In his job, he works with the county police’s Hispanic liaison, assisting with the Hispanic Community Police Department Academy.
Victor Chacon moved to America 20 years ago from Mexico, first living in San Diego before coming to Chesterfield three years ago. Chacon said he felt more comfortable and safe around police after attending the academy. Learning about the ins and outs of the department helped him to feel at ease should he ever need to go to the police.
My Chesterfield Academy, a program created by Santacoloma that is open to all minority county residents, is an orientation program to help residents navigate Chesterfield. In return, those residents go back to their communities and share what they have learned.
Chacon, for example, helped his mechanic apply to open his own small business, using resources from the academy.
Chesterfield resident Besty Briones is a graduate of both the My Chesterfield and the Hispanic Community Police Department academies.
“Everything was really nice, the information was so helpful, especially Juan [Santacoloma]. He’s been helping us a lot because everything we have questions [about] he is there to help us, and if he doesn’t have the answer, he will help you get the answer,” said Briones, who is from Mexico.
Chacon also praised Santacoloma.
“Juan is so great,” he said. “He is open to helping the community. I feel I’ve known him for 20 years.”
Last year, Santacoloma established the First Responders and Multicultural Community Cup.
A soccer camp, teams had first responders from Chesterfield, Richmond, Henrico County and the Virginia State Police as well as Chesterfield residents of color. The camp was canceled this year due to COVID-19.
When interviewing for Chesterfield’s Hispanic liaison position, still not proficient in speaking English, Santacoloma memorized phrases and short sentences for his interview. After answering a couple of questions in English, to Santacoloma’s surprise, the man interviewing him, Don Kappel, began speaking Spanish.
Kappel, Chesterfield’s former longtime director of public affairs, recalled immediately being impressed with Santacoloma, highlighting his intelligence.
“Juan has become a tremendous asset to the county and to the Hispanic community in particular,” Kappel said.
Kappel, a U.S. Marine who retired from his county position in 2014, said ultimately creating the Multicultural Services department with his team is one of his greatest accomplishments to look back on because “it made a difference and I think it made a difference in a positive way.”
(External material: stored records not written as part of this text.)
lemma poly_hc_cnj: "poly (hc h) (cnj z) = cnj (poly (hc h) z)"
  by (rule poly_cnj_real[symmetric]) (simp add: hc_def coeff_map_poly)

lemma Lmat_Kq:
  fixes a b :: complex and h :: "real poly" and m :: nat
  defines "T \<equiv> a * b"
  defines "H \<equiv> poly (hc h) T"
  defines "A \<equiv> \<Sum>j<m. (T * H^2)^j" and "R \<equiv> \<Sum>j\<le>m. (T * H^2)^j"
  shows "Lmat (2*m+1) (Kq m h) a b = mat2 1 (a^(2*m+1) * (H / T^m)) (b^(2*m+1) * (H * A / T^m)) R"
  by (simp add: Lmat_def Kq_def leval_def poly_sum Tpoly_def T_def H_def A_def R_def)

lemma Lmat_gammaq_Kq:
  fixes a b :: complex and h :: "real poly" and m :: nat
  defines "T \<equiv> a * b"
  defines "H \<equiv> poly (hc h) T"
  defines "A \<equiv> \<Sum>j<m. (T * H^2)^j" and "R \<equiv> \<Sum>j\<le>m. (T * H^2)^j"
  shows "Lmat (2*m+1) (gammaq (Kq m h)) a b
    = mat2 R (a^(2*m+1) * (H * A / T^m)) (b^(2*m+1) * (H / T^m)) 1"
proof -
  have "poly (hc h) (cnj b * cnj a) = cnj (poly (hc h) (a * b))"
    using poly_hc_cnj[of h "a * b"] by (simp add: mult.commute)
  then show ?thesis
    unfolding Lmat_gammaq Lmat_Kq
    by (simp add: gamma_conj_def T_def H_def A_def R_def mult.commute[of b a])
qed

lemma odd_powers_cancel:
  fixes a b X Y :: complex
  assumes "a * b \<noteq> 0"
  shows "a^(2*m+1) * (X / (a*b)^m) * (b^(2*m+1) * (Y / (a*b)^m)) = a * b * X * Y"
proof -
  have "a^(2*m+1) * (X / (a*b)^m) * (b^(2*m+1) * (Y / (a*b)^m))
      = (a*b)^(2*m+1) * X * Y / ((a*b)^m * (a*b)^m)"
    by (simp add: power_mult_distrib)
  also have "(a*b)^(2*m+1) = (a*b)^m * (a*b)^m * (a*b)"
    by (simp add: power_add mult_2)
  finally show ?thesis
    using assms by simp
qed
However, over the years both Kappel and Santacoloma dealt firsthand with criticism about creating the department.
Santacoloma received complaints from both county employees and residents. Over the years, he has received several phone calls from residents questioning why their taxpayer money is funding his job.
County employees have said to him, “What are you doing here? How is it possible the county is paying you? They need to spend your salary on different things,” Santacoloma said.
Kappel remembers hearing people ask, “Why are we doing this?”
Kappel told those with dissenting views to put themselves in someone else’s shoes — someone who doesn’t speak English or know how to navigate a governmental system.
Santacoloma’s oldest daughter, Maria, experienced racism while attending Cosby High School in Midlothian. A group of male students called Maria “Mexican Pocahontas.”
“The same day she came home crying and said that ‘I don’t cry because they call me Pocahontas. Because I know who Pocahontas was. I cry because they are calling me Mexican. I’m not Mexican. I’m Colombian, and I am proud to be Colombian,’” Santacoloma recalled.
Part of his job is to educate about Latino culture, including getting rid of the notion that all Latinos are Mexican, something Santacoloma says he sees a lot.
“Latinos, we are talking about more than 25 different countries,” he said. “Maybe with one thing in common: We all speak Spanish. We have different customs, celebrations, etc.”